Legislation affecting
- Part 4 of the 2001 Anti-Terrorism, Crime and Security Act

Case opinions
- Majority: Costa, Rozakis, Bratza, Tulkens, Casadevall, Bonello, Barreto, Steiner, Garlicki, Hajiyev, Mijović, Myjer, Björgvinsson, Nicolaou, Bianku, Tsotsoria, Poalelungi

= A. and Others v. the United Kingdom =

2009 European Court of Human Rights case

A. and Others v United Kingdom is a human rights case decided on 19 February 2009 by the European Court of Human Rights. It unanimously held that holding prisoners indefinitely under the Anti-terrorism, Crime and Security Act 2001 was incompatible with Article 5.

== Background ==
In the aftermath of the September 11 attacks, eleven men were detained in HMP Belmarsh under the Anti-terrorism, Crime and Security Act 2001. They were alleged to be involved in extreme Islamic terrorist groups and were suspected of financially supporting them. Given that deporting them would give rise to ill-treatment, they were detained without trial. Eight of the applicants remained in Belmarsh until the Act was repealed by Parliament in 2005.

== Judgment and reasoning ==
Following the decision in the House of Lords, the applicants were still kept in detention and therefore applied to the European Court on Human Rights. Scholars have argued that the House of Lords judgment prepared the ground for the judgment of the European Court of Human Rights.

The Court unanimously ruled that the applicant's detention did not fall within the exception to the right of liberty set out in Article 5 (1)(f) as it was not possible to deport them. The Government argued that Article 5 allows a balance between the right to liberty and the protection of national security from a terrorist threat. The Court stated that the derogating circumstances under Article 15 are judged based on the exigencies of the situation. Much like the House of Lords, the Court considered these measures were disproportionate and discriminatory to non-nationals, as the Act only applied to non-British nationals and in principle the terrorist threat is posed equally by nationals and non-nationals. The Court, therefore, found a violation for nine of the applicants.
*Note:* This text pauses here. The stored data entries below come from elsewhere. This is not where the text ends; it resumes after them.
text \<open>||P|| = sup { |P(B)| / ||B||_H : B in O, ||B||_H > 0 } (in ereal; sup of the empty set read as 0).\<close>
definition charge_norm :: "('a \<Rightarrow> 'a) \<Rightarrow> (('d::finite \<Rightarrow> int) set \<Rightarrow> 'a set) \<Rightarrow> (('d \<Rightarrow> int) \<Rightarrow> 'a \<Rightarrow> 'a)
   \<Rightarrow> ('a::ring_1 \<Rightarrow> complex) \<Rightarrow> ('a \<Rightarrow> complex) \<Rightarrow> ereal" where
  "charge_norm adj Obs \<iota> \<omega> P =
     Sup (insert 0 ((\<lambda>B. ereal (cmod (P B) / hnorm adj \<iota> \<omega> B)) ` {B \<in> local_obs Obs. hnorm adj \<iota> \<omega> B > 0}))"

end

theory Submission
  imports Defs "HOL-Library.Function_Algebras"
begin

text \<open>The form <A,B> is a lattice sum of truncated correlations, absolutely summable because
  the clustering bound decays faster than |x|^(-D). It is Hermitian and sesquilinear, and by a
  Fejer-type averaging over large boxes it is positive semidefinite, so it satisfies the
  Cauchy-Schwarz inequality. The left charge of a local sequence with density C is
  B \<mapsto> <C,B>, since its partial sums over growing balls converge to the absolutely convergent
  lattice sum. Hence |Q(B) - Q_j(B)| = lim_m |<A_m - A_j, B>| \<le> sup_(m \<ge> N) |A_m - A_j| |B|,
  which is small uniformly in B once j \<ge> N.\<close>

section \<open>Bounded maps on finite-dimensional subspaces of Banach spaces\<close>

lemma norm_scaleR_add_span_lower_bound:
  fixes F :: "'a::real_normed_vector set"
  assumes "closed (span F)" "g \<notin> span F"
  obtains d where "d > 0" "\<And>t w. w \<in> span F \<Longrightarrow> \<bar>t\<bar> * d \<le> norm (t *\<^sub>R g + w)"
proof -
  from assms obtain d where d: "d > 0" "ball g d \<subseteq> - span F"
    using open_contains_ball[of "- span F"] by (auto simp: open_Compl)
  hence far: "d \<le> norm (g - w)" if "w \<in> span F" for w
    using that by (auto simp: ball_def dist_norm subset_iff not_less)
  have "\<bar>t\<bar> * d \<le> norm (t *\<^sub>R g + w)" if w: "w \<in> span F" for t w
  proof (cases "t = 0")
    case False
    have "d \<le> norm (g - (- inverse t) *\<^sub>R w)"
      using far span_scale[OF w] by blast
    also have "g - (- inverse t) *\<^sub>R w = inverse t *\<^sub>R (t *\<^sub>R g + w)"
      using False by (simp add: algebra_simps)
    finally have "\<bar>t\<bar> * d \<le> \<bar>t\<bar> * (\<bar>inverse t\<bar> * norm (t *\<^sub>R g + w))"
      by (simp add: mult_left_mono)
    also have "\<dots> = norm (t *\<^sub>R g + w)" using False by (simp add: abs_inverse)
    finally show ?thesis .
  qed simp
  with d(1) show ?thesis using that by blast
qed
The Court also found a violation of Article 5(4) in regarding four of the applicants, since due process was not satisfied during the proceedings. Some of the evidence used against the applicants was not disclosed to them and the advocates of the Special Immigration Appeals Commission could not communicate with their clients.
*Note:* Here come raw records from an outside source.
(* Fix $n\ge 1$, the shape $\lambda=n^2=(n,n)$, and a density $\rho$ with positive entries $\rho_{1,j}=a_j$, $\rho_{2,j}=b_j$; let $a=\sum_j a_j$, $b=\sum_j b_j$. Let $P_1,P_2\in\mathcal{P}$ with $P_1\ge P_2$. If $P_1\in\operatorname{im}(\psi_\rho)$, then $P_2\in\operatorname{im}(\psi_\rho)$.
   Context: A density on a shape $\lambda$ is an assignment of a nonnegative integer $\rho_{i,j}$ to every cell $(i,j)$ (row $i$, column $j$); let $N=\sum\rho_{i,j}$. A standard set-valued Young tableau of shape $\lambda$ and density $\rho$ assigns to each cell $(i,j)$ a set $S_{i,j}$ with $|S_{i,j}|=\rho_{i,j}$, the sets partitioning $[N]$, such that every element of $S_{i,j}$ is smaller than every element of $S_{i,j+1}$ and of $S_{i+1,j}$ whenever those cells exist. $\mathrm{SVT}(\lambda,\rho)$ is the set of these tableaux. $\mathcal{P}$ is the set of lattice paths from $(0,0)$ to $(a,b)$ using steps $E=(1,0)$ and $N=(0,1)$, written as words in $E,N$. The map $\psi_\rho:\mathrm{SVT}(\lambda,\rho)\to\mathcal{P}$ sends $T$ to the word whose $m$-th letter ($1\le m\le a+b$) is $E$ if $m$ lies in the first row of $T$ and $N$ if $m$ lies in the second row. For $P_1,P_2\in\mathcal{P}$, $P_1\ge P_2$ means $P_1$ lies weakly above $P_2$ over $0\le x\le a$. *)

theory Defs
  imports Main
begin

datatype step = E | N

definition cells2 :: "nat \<Rightarrow> (nat \<times> nat) set" where
  "cells2 n = {1,2} \<times> {1..n}"

definition dsize :: "nat \<Rightarrow> (nat \<Rightarrow> nat \<Rightarrow> nat) \<Rightarrow> nat" where
  "dsize n \<rho> = (\<Sum>(i,j)\<in>cells2 n. \<rho> i j)"

definition SVT2 :: "nat \<Rightarrow> (nat \<Rightarrow> nat \<Rightarrow> nat) \<Rightarrow> (nat \<Rightarrow> nat \<Rightarrow> nat set) set" where
  "SVT2 n \<rho> = {T.
     (\<forall>i j. (i,j) \<notin> cells2 n \<longrightarrow> T i j = {}) \<and>
     (\<forall>(i,j)\<in>cells2 n. finite (T i j) \<and> card (T i j) = \<rho> i j) \<and>
     (\<forall>c\<in>cells2 n. \<forall>d\<in>cells2 n. c \<noteq> d \<longrightarrow>
         T (fst c) (snd c) \<inter> T (fst d) (snd d) = {}) \<and>
     (\<Union>(i,j)\<in>cells2 n. T i j) = {1..dsize n \<rho>} \<and>
     (\<forall>(i,j)\<in>cells2 n. (i, j+1) \<in> cells2 n \<longrightarrow>
         (\<forall>x\<in>T i j. \<forall>y\<in>T i (j+1). x < y)) \<and>
     (\<forall>(i,j)\<in>cells2 n. (i+1, j) \<in> cells2 n \<longrightarrow>
         (\<forall>x\<in>T i j. \<forall>y\<in>T (i+1) j. x < y))}"

text \<open>Lattice paths from (0,0) to (a,b) with steps E=(1,0), N=(0,1), as words.\<close>
definition paths :: "nat \<Rightarrow> nat \<Rightarrow> step list set" where
  "paths a b = {w. length w = a + b \<and> count_list w E = a \<and> count_list w N = b}"

definition path_points :: "step list \<Rightarrow> (nat \<times> nat) set" where
  "path_points w = {(count_list (take k w) E, count_list (take k w) N) | k. k \<le> length w}"

definition weakly_above :: "nat \<Rightarrow> step list \<Rightarrow> step list \<Rightarrow> bool" where
  "weakly_above a P1 P2 = (\<forall>x\<le>a.
     Min {y. (x,y) \<in> path_points P2} \<le> Min {y. (x,y) \<in> path_points P1})"

definition psi :: "nat \<Rightarrow> nat \<Rightarrow> (nat \<Rightarrow> nat \<Rightarrow> nat set) \<Rightarrow> step list" where
  "psi n len T = map (\<lambda>m. if (\<exists>j\<in>{1..n}. m \<in> T 1 j) then E else N) [1..<len + 1]"

end

theory Submission
  imports Defs
begin

text \<open>A word w is psi of some tableau iff it is admissible: whenever a prefix of w contains
  more N's than the second-row cells of columns 1, ..., j - 1 hold, it already contains at least
  as many E's as the first-row cells of columns 1, ..., j hold.  Necessity: such a prefix contains
  an entry of a second-row cell in some column j' \<ge> j, which exceeds every entry of the first j
  first-row cells.  Sufficiency: filling each row from left to right with the positions of its
  letters gives a standard tableau, the column condition being exactly admissibility.  For a
  lattice path, admissibility bounds from above the lowest height of the path over each abscissa,
  so it passes from P1 to every path lying weakly below P1.\<close>

definition prefix_count :: "'a \<Rightarrow> 'a list \<Rightarrow> nat \<Rightarrow> nat" where
  "prefix_count s w k = count_list (take k w) s"

definition occurrences :: "'a \<Rightarrow> 'a list \<Rightarrow> nat set" where
  "occurrences s w = {m \<in> {1..length w}. w ! (m - 1) = s}"

definition occurrences_between :: "'a \<Rightarrow> 'a list \<Rightarrow> nat \<Rightarrow> nat \<Rightarrow> nat set" where
  "occurrences_between s w lo hi =
     {m \<in> occurrences s w. lo < prefix_count s w m \<and> prefix_count s w m \<le> hi}"

lemma prefix_count_0 [simp]: "prefix_count s w 0 = 0"
  by (simp add: prefix_count_def)

lemma prefix_count_length [simp]: "prefix_count s w (length w) = count_list w s"
  by (simp add: prefix_count_def)

lemma prefix_count_Suc:
  "k < length w \<Longrightarrow> prefix_count s w (Suc k) = prefix_count s w k + (if w ! k = s then 1 else 0)"
  by (simp add: prefix_count_def take_Suc_conv_app_nth)

lemma prefix_count_mono: "k \<le> k' \<Longrightarrow> prefix_count s w k \<le> prefix_count s w k'"
  by (auto simp: prefix_count_def take_add dest!: le_Suc_ex)

lemma prefix_count_le_count_list: "prefix_count s w k \<le> count_list w s"
proof -
  have "count_list w s = count_list (take k w) s + count_list (drop k w) s"
    by (subst append_take_drop_id[symmetric, of w k]) (simp only: count_list_append)
  then show ?thesis by (simp add: prefix_count_def)
qed

lemma prefix_count_at_occurrence:
  "m \<in> occurrences s w \<Longrightarrow> prefix_count s w m = Suc (prefix_count s w (m - 1))"
  using prefix_count_Suc[of "m - 1" w s] by (auto simp: occurrences_def)

lemma prefix_count_less_at_occurrence:
  assumes "m < m'" "m' \<in> occurrences s w"
  shows "prefix_count s w m < prefix_count s w m'"
proof -
  have "prefix_count s w m \<le> prefix_count s w (m' - 1)"
    using assms(1) by (intro prefix_count_mono) simp
  also have "\<dots> < prefix_count s w m'"
    using prefix_count_at_occurrence[OF assms(2)] by simp
  finally show ?thesis .
qed

lemma inj_on_prefix_count: "inj_on (prefix_count s w) (occurrences s w)"
proof (rule inj_onI)
  fix m m' assume "m \<in> occurrences s w" "m' \<in> occurrences s w"
    and "prefix_count s w m = prefix_count s w m'"
  then show "m = m'"
    using prefix_count_less_at_occurrence[of m m' s w] prefix_count_less_at_occurrence[of m' m s w]
    by (cases m m' rule: linorder_cases) auto
qed

lemma occurrence_with_prefix_count:
  assumes "0 < v" "v \<le> prefix_count s w k" "k \<le> length w"
  shows "\<exists>m\<in>occurrences s w. m \<le> k \<and> prefix_count s w m = v"
  using assms(2,3)
proof (induction k)
  case 0
  then show ?case using assms(1) by simp
next
  case (Suc k)
  show ?case
  proof (cases "v \<le> prefix_count s w k")
    case True
    then obtain m where "m \<in> occurrences s w" "m \<le> k" "prefix_count s w m = v"
      using Suc.IH Suc.prems(2) by auto
    then show ?thesis by (intro bexI[of _ m]) auto
  next
    case False
    with Suc.prems prefix_count_Suc[of k w s] have "w ! k = s" "prefix_count s w (Suc k) = v"
      by (auto split: if_splits)
    then show ?thesis using Suc.prems by (intro bexI[of _ "Suc k"]) (auto simp: occurrences_def)
  qed
qed

lemma bij_betw_prefix_count:
  "bij_betw (prefix_count s w) (occurrences s w) {1..count_list w s}"
  unfolding bij_betw_def
proof (intro conjI inj_on_prefix_count equalityI subsetI)
  fix v assume "v \<in> prefix_count s w ` occurrences s w"
  then obtain m where "m \<in> occurrences s w" "v = prefix_count s w m" by blast
  then show "v \<in> {1..count_list w s}"
    using prefix_count_at_occurrence[of m s w] prefix_count_le_count_list[of s w m] by simp
next
  fix v assume "v \<in> {1..count_list w s}"
  then obtain m where "m \<in> occurrences s w" "prefix_count s w m = v"
    using occurrence_with_prefix_count[of v s w "length w"] by auto
  then show "v \<in> prefix_count s w ` occurrences s w" by blast
qed

lemma finite_occurrences_between: "finite (occurrences_between s w lo hi)"
  by (simp add: occurrences_between_def occurrences_def)

lemma card_occurrences_between:
  assumes "hi \<le> count_list w s"
  shows "card (occurrences_between s w lo hi) = hi - lo"
proof -
  have "prefix_count s w ` occurrences_between s w lo hi = {lo<..hi}"
  proof (intro equalityI subsetI)
    fix v assume "v \<in> {lo<..hi}"
    then have "v \<in> prefix_count s w ` occurrences s w"
      using assms bij_betw_prefix_count[of s w] by (simp add: bij_betw_def)
    then show "v \<in> prefix_count s w ` occurrences_between s w lo hi"
      using \<open>v \<in> {lo<..hi}\<close> by (auto simp: occurrences_between_def)
  qed (auto simp: occurrences_between_def)
  moreover have "inj_on (prefix_count s w) (occurrences_between s w lo hi)"
    by (rule inj_on_subset[OF inj_on_prefix_count]) (simp add: occurrences_between_def)
  ultimately show ?thesis by (metis card_image card_greaterThanAtMost)
qed

lemma occurrences_between_less:
  assumes "m \<in> occurrences_between s w lo hi" "m' \<in> occurrences_between s w lo' hi'" "hi \<le> lo'"
  shows "m < m'"
proof (rule ccontr)
  assume "\<not> m < m'"
  then have "prefix_count s w m' \<le> prefix_count s w m" by (simp add: prefix_count_mono)
  then show False using assms by (simp add: occurrences_between_def)
qed

lemma cells2_iff: "(i, j) \<in> cells2 n \<longleftrightarrow> (i = 1 \<or> i = 2) \<and> 1 \<le> j \<and> j \<le> n"
  by (auto simp: cells2_def)

definition row_sum :: "(nat \<Rightarrow> nat \<Rightarrow> nat) \<Rightarrow> nat \<Rightarrow> nat \<Rightarrow> nat" where
  "row_sum \<rho> i j = (\<Sum>t=1..j. \<rho> i t)"

lemma row_sum_0 [simp]: "row_sum \<rho> i 0 = 0"
  by (simp add: row_sum_def)

lemma row_sum_mono: "j \<le> j' \<Longrightarrow> row_sum \<rho> i j \<le> row_sum \<rho> i j'"
  unfolding row_sum_def by (rule sum_mono2) auto

lemma row_sum_diff: "1 \<le> j \<Longrightarrow> row_sum \<rho> i j - row_sum \<rho> i (j - 1) = \<rho> i j"
  by (cases j) (simp_all add: row_sum_def)

lemma threshold_crossing:
  fixes f :: "nat \<Rightarrow> nat"
  assumes "f 0 = 0" "0 < v" "v \<le> f n"
  shows "\<exists>j\<in>{1..n}. f (j - 1) < v \<and> v \<le> f j"
  using assms(3)
proof (induction n)
  case 0
  then show ?case using assms(1,2) by simp
next
  case (Suc n)
  show ?case
  proof (cases "v \<le> f n")
    case True
    then obtain j where "j \<in> {1..n}" "f (j - 1) < v" "v \<le> f j" using Suc.IH by blast
    then show ?thesis by (intro bexI[of _ j]) auto
  next
    case False
    then show ?thesis using Suc.prems by (intro bexI[of _ "Suc n"]) auto
  qed
qed

lemma dsize_eq_row_sums: "dsize n \<rho> = row_sum \<rho> 1 n + row_sum \<rho> 2 n"
proof -
  have "dsize n \<rho> = (\<Sum>i\<in>{1,2::nat}. \<Sum>j=1..n. \<rho> i j)"
    unfolding dsize_def cells2_def by (simp add: sum.cartesian_product)
  then show ?thesis by (simp add: row_sum_def)
qed

definition admissible :: "nat \<Rightarrow> (nat \<Rightarrow> nat \<Rightarrow> nat) \<Rightarrow> step list \<Rightarrow> bool" where
  "admissible n \<rho> w \<longleftrightarrow> (\<forall>k\<le>length w. \<forall>j\<in>{1..n}.
     row_sum \<rho> 2 (j - 1) < prefix_count N w k \<longrightarrow> row_sum \<rho> 1 j \<le> prefix_count E w k)"

definition path_floor :: "step list \<Rightarrow> nat \<Rightarrow> nat" where
  "path_floor w x = Min {y. (x, y) \<in> path_points w}"

lemma path_points_iff:
  "(x, y) \<in> path_points w \<longleftrightarrow> (\<exists>k\<le>length w. prefix_count E w k = x \<and> prefix_count N w k = y)"
  by (auto simp: path_points_def prefix_count_def)

lemma finite_path_points_column: "finite {y. (x, y) \<in> path_points w}"
proof (rule finite_subset)
  show "{y. (x, y) \<in> path_points w} \<subseteq> prefix_count N w ` {0..length w}"
    by (auto simp: path_points_iff)
qed simp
The Court also found a violation of Article 5(5), in providing compensation for unlawful detention, for all the applicants, except two.

As the applicants had domestic remedies to complain about their detention conditions, but did not make use of them, the Court found no violation of Article 3.

== Significance ==
This case has been argued as being "pivotal and an important statement on how far we can treat suspected foreign terrorists differently from criminal suspects." It also highlighted the importance of the judiciary assessing the legality of the government decisions. Lord Hope stated that the judiciary holding the government to account is "a cardinal feature of the modern democratic state."

The Anti-terrorism, Crime and Security Act 2001 was replaced by the Prevention of Terrorism Act 2005, which was then later repealed by the Terrorism Prevention and Investigation Measures Act 2011.

==Books==
- Dothan, Shai (2014). "Reputation and Judicial Tactics: A Theory of National and International Courts"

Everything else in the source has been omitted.